Felizmente não demorou muito para que ela fosse tomada pelo sono.

Sua cabeça começou a ficar leve, e seu corpo parecia estar caindo...

Caindo...

Caindo...

Caindo...

. . . . . . . . .

"- Sorriam! Digam 'x'! – Pediu Joyce, a mãe de Alyssa, empunhando a máquina fotográfica de modo extremamente animado.

- X! – Berraram os garotos em conjunto.

- Ah, ficou perfeita! – Informou ela, estalando a língua em satisfação. – Bom, já que vão para o parque, nós vamos pra casa. Tem certeza de que não querem uma carona?

- Relaxa, mãe, o pai do Tom emprestou o carro. Ao contrário de certas pessoas, ele confia no filho... – Disse Alyssa, se desvencilhando suavemente do namorado para se despedir da família.

- Bom, não é que eu não confie em você, querida, mas o nosso último carro já não está mais entre nós para se defender, não é? – Retorquiu a mulher, beliscando a ponta do nariz da loira. – Eu te amo, querida.

- Eu também te amo, mãe. – Suspirou Alyssa, abraçando Joyce de forma breve.

- Juízo, viu? Fiquem vocês sabendo que só deixo vocês irem porque a Hellen vai estar junto! – Berrou quando os três já estavam longe.

- Mãe! – Berrou a filha de volta, olhando ao redor envergonhada.

Assim que viraram a área estratégica onde o carro estava estacionado, os três pararam.

- Espero que saibam que não concordo com isso. – Resmungou Hellen, mexendo nos dreads de forma nervosa. – Pode dar uma merda federal pra cima da gente.
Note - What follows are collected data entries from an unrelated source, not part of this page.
(* Let $\mathcal{D}$ be an abstract system of proof notations, $s\in\mathbb{N}$, and let $d\in\mathcal{D}$ be $s$-bounded in $\mathcal{D}$. Then $\mathsf Ed$ is $o(d)\cdot(s+2)$-bounded in $\mathbb{E}(\mathcal{D})$, and $\mathsf E\mathsf Ed$ is $2^{o(d)}\cdot o(d)\cdot(s+4)$-bounded in $\mathbb{E}(\mathcal{D})$.
   Context: An abstract system of proof notations is a set $\mathcal{D}$ with functions $|\cdot|,o(\cdot)\colon\mathcal{D}\to\mathbb{N}\setminus\{0\}$ (size and height) and a relation $\to\subseteq\mathcal{D}\times\mathcal{D}$ such that $d\to d'$ implies $o(d')<o(d)$. The cut-elimination closure $\mathbb{E}(\mathcal{D})$ is the abstract system of formal terms inductively generated by: every $d\in\mathcal{D}$ is in $\mathbb{E}(\mathcal{D})$ (with size and height inherited); if $d,e\in\mathbb{E}(\mathcal{D})$ then $\mathsf{I}d,\ \mathsf{R}de,\ \mathsf{E}d\in\mathbb{E}(\mathcal{D})$ ($\mathsf I,\mathsf R,\mathsf E$ new symbols), with $|\mathsf Id|=|d|+1$, $|\mathsf Rde|=|d|+|e|+1$, $|\mathsf Ed|=|d|+1$, $o(\mathsf Id)=o(d)$, $o(\mathsf Rde)=o(d)+o(e)$, $o(\mathsf Ed)=2^{o(d)}-1$. The relation $\to$ on $\mathbb{E}(\mathcal{D})$ is inductively generated by: $d\to d'$ in $\mathcal{D}$ implies $d\to d'$; $d\to d'$ implies $\mathsf Id\to\mathsf Id'$; $e\to e'$ implies $\mathsf Rde\to\mathsf Rde'$; $d\to d'$ implies $\mathsf Ed\to\mathsf Ed'$; $\mathsf Rde\to\mathsf Id$ always; and $d\to d'$ together with $d\to d''$ implies $\mathsf Ed\to\mathsf R(\mathsf Ed')(\mathsf Ed'')$. For an abstract system $\mathcal{X}$ (here $\mathcal{D}$ or $\mathbb{E}(\mathcal{D})$) and $x\in\mathcal{X}$, $x$ is called $t$-bounded in $\mathcal{X}$ if every $x'\in\mathcal{X}$ with $x\to^\ast x'$ (reflexive transitive closure of the relation $\to$ of $\mathcal{X}$) satisfies $|x'|\le t$. *)

theory Defs
  imports Main
begin

definition proof_notation_system ::
  "('a \<Rightarrow> nat) \<Rightarrow> ('a \<Rightarrow> nat) \<Rightarrow> ('a \<Rightarrow> 'a \<Rightarrow> bool) \<Rightarrow> bool" where
  "proof_notation_system sz ht step \<longleftrightarrow>
     (\<forall>d. 0 < sz d) \<and> (\<forall>d. 0 < ht d) \<and> (\<forall>d d'. step d d' \<longrightarrow> ht d' < ht d)"

text \<open>Formal terms of the cut-elimination closure E(D).\<close>
datatype 'a eterm = Base 'a | I "'a eterm" | R "'a eterm" "'a eterm" | E "'a eterm"

primrec esize :: "('a \<Rightarrow> nat) \<Rightarrow> 'a eterm \<Rightarrow> nat" where
  "esize sz (Base d) = sz d"
| "esize sz (I d) = esize sz d + 1"
| "esize sz (R d e) = esize sz d + esize sz e + 1"
| "esize sz (E d) = esize sz d + 1"

primrec eheight :: "('a \<Rightarrow> nat) \<Rightarrow> 'a eterm \<Rightarrow> nat" where
  "eheight ht (Base d) = ht d"
| "eheight ht (I d) = eheight ht d"
| "eheight ht (R d e) = eheight ht d + eheight ht e"
| "eheight ht (E d) = 2 ^ eheight ht d - 1"

inductive estep :: "('a \<Rightarrow> 'a \<Rightarrow> bool) \<Rightarrow> 'a eterm \<Rightarrow> 'a eterm \<Rightarrow> bool"
  for step :: "'a \<Rightarrow> 'a \<Rightarrow> bool" where
  base: "step d d' \<Longrightarrow> estep step (Base d) (Base d')"
| I_cong: "estep step d d' \<Longrightarrow> estep step (I d) (I d')"
| R_cong: "estep step e e' \<Longrightarrow> estep step (R d e) (R d e')"
| E_cong: "estep step d d' \<Longrightarrow> estep step (E d) (E d')"
| R_red: "estep step (R d e) (I d)"
| E_red: "estep step d d' \<Longrightarrow> estep step d d'' \<Longrightarrow> estep step (E d) (R (E d') (E d''))"

definition bounded :: "('b \<Rightarrow> 'b \<Rightarrow> bool) \<Rightarrow> ('b \<Rightarrow> nat) \<Rightarrow> nat \<Rightarrow> 'b \<Rightarrow> bool" where
  "bounded rel sz t x \<longleftrightarrow> (\<forall>x'. rel\<^sup>*\<^sup>* x x' \<longrightarrow> sz x' \<le> t)"

end

theory Submission
  imports Defs
begin

text \<open>Every reduct of \<open>E d\<close> is a right-nested chain of \<open>I\<close> and \<open>R\<close> nodes whose left
  arguments and terminal leaf have the form \<open>E g\<close> with \<open>g\<close> a reduct of \<open>d\<close>. Rank such a
  chain by its length plus the largest height \<open>o(g)\<close> of a leaf body. Reducing a leaf \<open>E g\<close>
  either lowers \<open>o(g)\<close> or unfolds it into \<open>R (E g') (E g'')\<close> with \<open>o(g'), o(g'') < o(g)\<close>,
  so the rank never increases. The rank of \<open>E d\<close> is \<open>o(d)\<close> and every leaf has size at most
  \<open>s + 1\<close>, whence the bound \<open>o(d)(s + 2)\<close>. One level up, the leaves are \<open>E g\<close> with \<open>g\<close> a
  chain of the first kind of rank at most \<open>o(d)\<close>, hence of size below \<open>o(d)(s + 2)\<close>, and the
  initial rank is \<open>o(E d) = 2^o(d) - 1\<close>.\<close>

lemma esize_pos: "(\<And>x. 0 < sz x) \<Longrightarrow> 0 < esize sz t"
  by (induction t) auto

lemma eheight_pos:
  assumes "\<And>x. 0 < ht x" shows "0 < eheight ht t"
proof (induction t)
  case (E t)
  then have "1 < (2::nat) ^ eheight ht t" by (intro one_less_power) simp_all
  then show ?case by simp
qed (simp_all add: assms)

lemma pow2_pred_add_less:
  assumes "b < a" "c < a" "0 < b" "0 < c"
  shows "(2::nat) ^ b - 1 + (2 ^ c - 1) < 2 ^ a - 1"
proof -
  obtain k where k: "a = Suc k" using assms by (cases a) auto
  have "(2::nat) ^ b \<le> 2 ^ k" "(2::nat) ^ c \<le> 2 ^ k"
    using assms k by (auto intro: power_increasing)
  moreover have "(1::nat) \<le> 2 ^ b" "(1::nat) \<le> 2 ^ c" by simp_all
  moreover have "(2::nat) ^ a = 2 * 2 ^ k" using k by simp
  ultimately show ?thesis by linarith
qed

lemma eheight_estep_less:
  assumes pos: "\<And>x. 0 < ht x" and dec: "\<And>x y. step x y \<Longrightarrow> ht y < ht x"
  shows "estep step t t' \<Longrightarrow> eheight ht t' < eheight ht t"
proof (induction rule: estep.induct)
  case (E_cong d d')
  then have "(2::nat) ^ eheight ht d' < 2 ^ eheight ht d"
    by (intro power_strict_increasing) auto
  moreover have "(1::nat) \<le> 2 ^ eheight ht d'" by simp
  ultimately show ?case by (simp only: eheight.simps)
next
  case (R_red d e)
  then show ?case using eheight_pos[of ht e] pos by simp
next
  case (E_red d d' d'')
  then show ?case using pow2_pred_add_less eheight_pos[of ht] pos by simp
qed (auto simp: dec)

lemma proof_notation_system_closure:
  assumes "proof_notation_system sz ht step"
  shows "proof_notation_system (esize sz) (eheight ht) (estep step)"
  using assms esize_pos eheight_pos eheight_estep_less
  unfolding proof_notation_system_def by blast

inductive spine :: "('a eterm \<Rightarrow> bool) \<Rightarrow> 'a eterm \<Rightarrow> bool" for L where
  leaf: "L t \<Longrightarrow> spine L t"
| I: "spine L u \<Longrightarrow> spine L (I u)"
| R: "L l \<Longrightarrow> spine L v \<Longrightarrow> spine L (R l v)"

text \<open>On a spine the \<open>E\<close> equation is only reached at leaves.\<close>
primrec spine_rank :: "('a \<Rightarrow> nat) \<Rightarrow> 'a eterm \<Rightarrow> nat" where
  "spine_rank ht (Base x) = 1"
| "spine_rank ht (I u) = spine_rank ht u + 1"
| "spine_rank ht (R u v) = max (spine_rank ht u) (spine_rank ht v) + 1"
| "spine_rank ht (E g) = eheight ht g"

lemma spine_rank_pos:
  assumes "\<And>x. 0 < ht x" shows "0 < spine_rank ht t"
  by (cases t) (simp_all add: eheight_pos assms)

definition reduction_closed ::
  "('a \<Rightarrow> 'a \<Rightarrow> bool) \<Rightarrow> ('a \<Rightarrow> nat) \<Rightarrow> ('a eterm \<Rightarrow> bool) \<Rightarrow> bool" where
  "reduction_closed step ht L \<longleftrightarrow>
     (\<forall>l t'. L l \<longrightarrow> estep step l t' \<longrightarrow> spine L t' \<and> spine_rank ht t' \<le> spine_rank ht l)"

lemma spine_estep:
  assumes closed: "reduction_closed step ht L"
  shows "spine L t \<Longrightarrow> estep step t t' \<Longrightarrow> spine L t' \<and> spine_rank ht t' \<le> spine_rank ht t"
proof (induction t arbitrary: t' rule: spine.induct)
  case (leaf t)
  then show ?case using closed unfolding reduction_closed_def by blast
next
  case (I u)
  from I.prems obtain u' where "t' = I u'" "estep step u u'"
    by (cases rule: estep.cases) auto
  then show ?case using I.IH by (auto intro: spine.I)
next
  case (R l v)
  from R.prems consider v' where "t' = R l v'" "estep step v v'" | "t' = I l"
    by (cases rule: estep.cases) auto
  then show ?case
  proof cases
    case (1 v')
    then show ?thesis using R.IH[of v'] R.hyps by (auto intro: spine.R simp: le_max_iff_disj)
  next
    case 2
    then show ?thesis using R.hyps by (auto intro: spine.I spine.leaf)
  qed
qed

lemma spine_reducts:
  assumes "reduction_closed step ht L" and "(estep step)\<^sup>*\<^sup>* t t'" and "spine L t"
  shows "spine L t' \<and> spine_rank ht t' \<le> spine_rank ht t"
  using assms(2)
proof (induction rule: rtranclp_induct)
  case (step u u')
  then show ?case using spine_estep[OF assms(1), of u u'] by linarith
qed (simp add: assms(3))

lemma spine_esize:
  assumes pos: "\<And>x. 0 < ht x" and leaf_size: "\<And>l. L l \<Longrightarrow> esize sz l + 1 \<le> C"
  shows "spine L t \<Longrightarrow> esize sz t + 1 \<le> spine_rank ht t * C"
proof (induction t rule: spine.induct)
  case (leaf t)
  have "C \<le> spine_rank ht t * C" using spine_rank_pos[of ht t, OF pos] by simp
  then show ?case using leaf_size[OF leaf] by linarith
next
  case (I u)
  then have "1 \<le> C" by (cases C) simp_all
  then show ?case using I.IH by simp
next
  case (R l v)
  have "spine_rank ht v * C \<le> max (spine_rank ht l) (spine_rank ht v) * C" by simp
  moreover have "spine_rank ht (R l v) * C = max (spine_rank ht l) (spine_rank ht v) * C + C"
    by simp
  moreover have "esize sz (R l v) + 1 = esize sz l + esize sz v + 2" by simp
  ultimately show ?case using R.IH leaf_size[OF R.hyps(1)] by linarith
qed

lemma spine_bounded:
  assumes "proof_notation_system sz ht step" and "reduction_closed step ht L"
    and leaf_size: "\<And>l. L l \<Longrightarrow> esize sz l + 1 \<le> C" and "spine L t"
  shows "bounded (estep step) (esize sz) (spine_rank ht t * C) t"
  unfolding bounded_def
proof (intro allI impI)
  have pos: "\<And>x. 0 < ht x" using assms(1) by (simp add: proof_notation_system_def)
  fix t' assume "(estep step)\<^sup>*\<^sup>* t t'"
  with spine_reducts[OF assms(2) _ assms(4)]
  have spine: "spine L t'" and rank: "spine_rank ht t' \<le> spine_rank ht t" by simp_all
  have "esize sz t' + 1 \<le> spine_rank ht t' * C" by (rule spine_esize[of ht, OF pos leaf_size spine])
  also have "\<dots> \<le> spine_rank ht t * C" using rank by simp
  finally show "esize sz t' \<le> spine_rank ht t * C" by simp
qed

definition Base_reduct :: "('a \<Rightarrow> 'a \<Rightarrow> bool) \<Rightarrow> 'a \<Rightarrow> 'a eterm \<Rightarrow> bool" where
  "Base_reduct step d t \<longleftrightarrow> (\<exists>x. step\<^sup>*\<^sup>* d x \<and> t = Base x)"

lemma reduction_closed_Base_reduct: "reduction_closed step ht (Base_reduct step d)"
  unfolding reduction_closed_def Base_reduct_def
  by (auto elim!: estep.cases intro!: spine.leaf elim: rtranclp.rtrancl_into_rtrancl)

definition E_spine_leaf :: "('a \<Rightarrow> nat) \<Rightarrow> ('a eterm \<Rightarrow> bool) \<Rightarrow> nat \<Rightarrow> 'a eterm \<Rightarrow> bool" where
  "E_spine_leaf ht L h t \<longleftrightarrow> (\<exists>g. t = E g \<and> spine L g \<and> spine_rank ht g \<le> h)"

lemma reduction_closed_E_spine_leaf:
  assumes pns: "proof_notation_system sz ht step" and closed: "reduction_closed step ht L"
  shows "reduction_closed step ht (E_spine_leaf ht L h)"
  unfolding reduction_closed_def
proof (intro allI impI)
  fix l t' assume "E_spine_leaf ht L h l" and red: "estep step l t'"
  then obtain g where g: "l = E g" "spine L g" "spine_rank ht g \<le> h"
    unfolding E_spine_leaf_def by blast
  have "eheight ht g' < eheight ht g" if "estep step g g'" for g'
    using proof_notation_system_closure[OF pns] that by (simp add: proof_notation_system_def)
  then have reduct: "E_spine_leaf ht L h (E g') \<and> eheight ht g' < eheight ht g"
    if "estep step g g'" for g'
    using spine_estep[OF closed g(2) that] g(3) that unfolding E_spine_leaf_def by fastforce
  from red g(1) show "spine (E_spine_leaf ht L h) t' \<and> spine_rank ht t' \<le> spine_rank ht l"
  proof (cases rule: estep.cases)
    case (E_cong _ g')
    then show ?thesis using reduct[of g'] g(1) by (auto intro: spine.leaf)
  next
    case (E_red _ g' g'')
    then show ?thesis using reduct[of g'] reduct[of g''] g(1) by (auto intro: spine.intros)
  qed simp_all
qed

lemma E_spine_leaf_esize:
  assumes pos: "\<And>x. 0 < ht x" and leaf_size: "\<And>l. L l \<Longrightarrow> esize sz l + 1 \<le> C"
    and "E_spine_leaf ht L h t"
  shows "esize sz t + 1 \<le> h * C + 1"
proof -
  obtain g where g: "t = E g" "spine L g" "spine_rank ht g \<le> h"
    using assms(3) unfolding E_spine_leaf_def by blast
  have "esize sz g + 1 \<le> spine_rank ht g * C" using spine_esize[of ht, OF pos leaf_size g(2)] .
  also have "\<dots> \<le> h * C" using g(3) by simp
  finally show ?thesis using g(1) by simp
qed

lemma bounded_mono: "bounded rel sz t x \<Longrightarrow> t \<le> t' \<Longrightarrow> bounded rel sz t' x"
  unfolding bounded_def using order_trans by blast

lemma pow2_pred_mult_le:
  assumes "0 < h"
  shows "(2 ^ h - 1) * (h * (s + 2) + 1) \<le> (2::nat) ^ h * h * (s + 4)"
proof -
  have "(2 ^ h - 1) * (h * (s + 2) + 1) \<le> (2::nat) ^ h * (h * (s + 2) + 1)"
    by (intro mult_right_mono) simp_all
  also have "\<dots> \<le> 2 ^ h * (h * (s + 4))"
    using assms by (intro mult_left_mono) (simp_all add: algebra_simps)
  finally show ?thesis by (simp add: mult.assoc)
qed

theorem mainTheorem7:
  fixes sz ht :: "'a \<Rightarrow> nat" and step :: "'a \<Rightarrow> 'a \<Rightarrow> bool" and s :: nat and d :: 'a
  assumes "proof_notation_system sz ht step"
    and "bounded step sz s d"
  shows "bounded (estep step) (esize sz) (ht d * (s + 2)) (E (Base d))
       \<and> bounded (estep step) (esize sz) (2 ^ ht d * ht d * (s + 4)) (E (E (Base d)))"
proof
  have pos: "\<And>x. 0 < ht x" using assms(1) by (simp add: proof_notation_system_def)
  define L\<^sub>0 where "L\<^sub>0 = Base_reduct step d"
  define L\<^sub>1 where "L\<^sub>1 = E_spine_leaf ht L\<^sub>0 1"
  define L\<^sub>2 where "L\<^sub>2 = E_spine_leaf ht L\<^sub>1 (ht d)"
  have closed\<^sub>0: "reduction_closed step ht L\<^sub>0" by (simp add: L\<^sub>0_def reduction_closed_Base_reduct)
  have size\<^sub>0: "esize sz l + 1 \<le> s + 1" if "L\<^sub>0 l" for l
    using that assms(2) by (auto simp: L\<^sub>0_def Base_reduct_def bounded_def)
  have closed\<^sub>1: "reduction_closed step ht L\<^sub>1"
    unfolding L\<^sub>1_def by (rule reduction_closed_E_spine_leaf[OF assms(1) closed\<^sub>0])
  have size\<^sub>1: "esize sz l + 1 \<le> s + 2" if "L\<^sub>1 l" for l
    using E_spine_leaf_esize[of ht, OF pos size\<^sub>0, where h=1] that by (simp add: L\<^sub>1_def)
  have spine\<^sub>1: "spine L\<^sub>1 (E (Base d))"
    by (auto simp: L\<^sub>1_def L\<^sub>0_def E_spine_leaf_def Base_reduct_def intro!: spine.leaf)
  show "bounded (estep step) (esize sz) (ht d * (s + 2)) (E (Base d))"
    using spine_bounded[OF assms(1) closed\<^sub>1 size\<^sub>1 spine\<^sub>1] by simp
  have spine\<^sub>2: "spine L\<^sub>2 (E (E (Base d)))"
    using spine\<^sub>1 by (auto simp: L\<^sub>2_def E_spine_leaf_def intro!: spine.leaf)
  have closed\<^sub>2: "reduction_closed step ht L\<^sub>2"
    unfolding L\<^sub>2_def by (rule reduction_closed_E_spine_leaf[OF assms(1) closed\<^sub>1])
  have size\<^sub>2: "esize sz l + 1 \<le> ht d * (s + 2) + 1" if "L\<^sub>2 l" for l
    using E_spine_leaf_esize[of ht, OF pos size\<^sub>1] that by (simp add: L\<^sub>2_def)
  have "bounded (estep step) (esize sz) ((2 ^ ht d - 1) * (ht d * (s + 2) + 1)) (E (E (Base d)))"
    using spine_bounded[OF assms(1) closed\<^sub>2 size\<^sub>2 spine\<^sub>2] by simp
  then show "bounded (estep step) (esize sz) (2 ^ ht d * ht d * (s + 4)) (E (E (Base d)))"
    by (rule bounded_mono) (rule pow2_pred_mult_le[OF pos])
qed

end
O que o Sr. E a Sra. Bennet vão pensar de mim se eles descobrirem que...

- Ei! Relaxa! É só você não dar com a língua nos dentes! – Alyssa agarrou os ombros da melhor amiga, fazendo com que ficassem frente a frente. – Hellen, me escuta. Eu quero fazer isso, tá legal?

A outra apenas apertou os lábios, fitando a mesma com seriedade.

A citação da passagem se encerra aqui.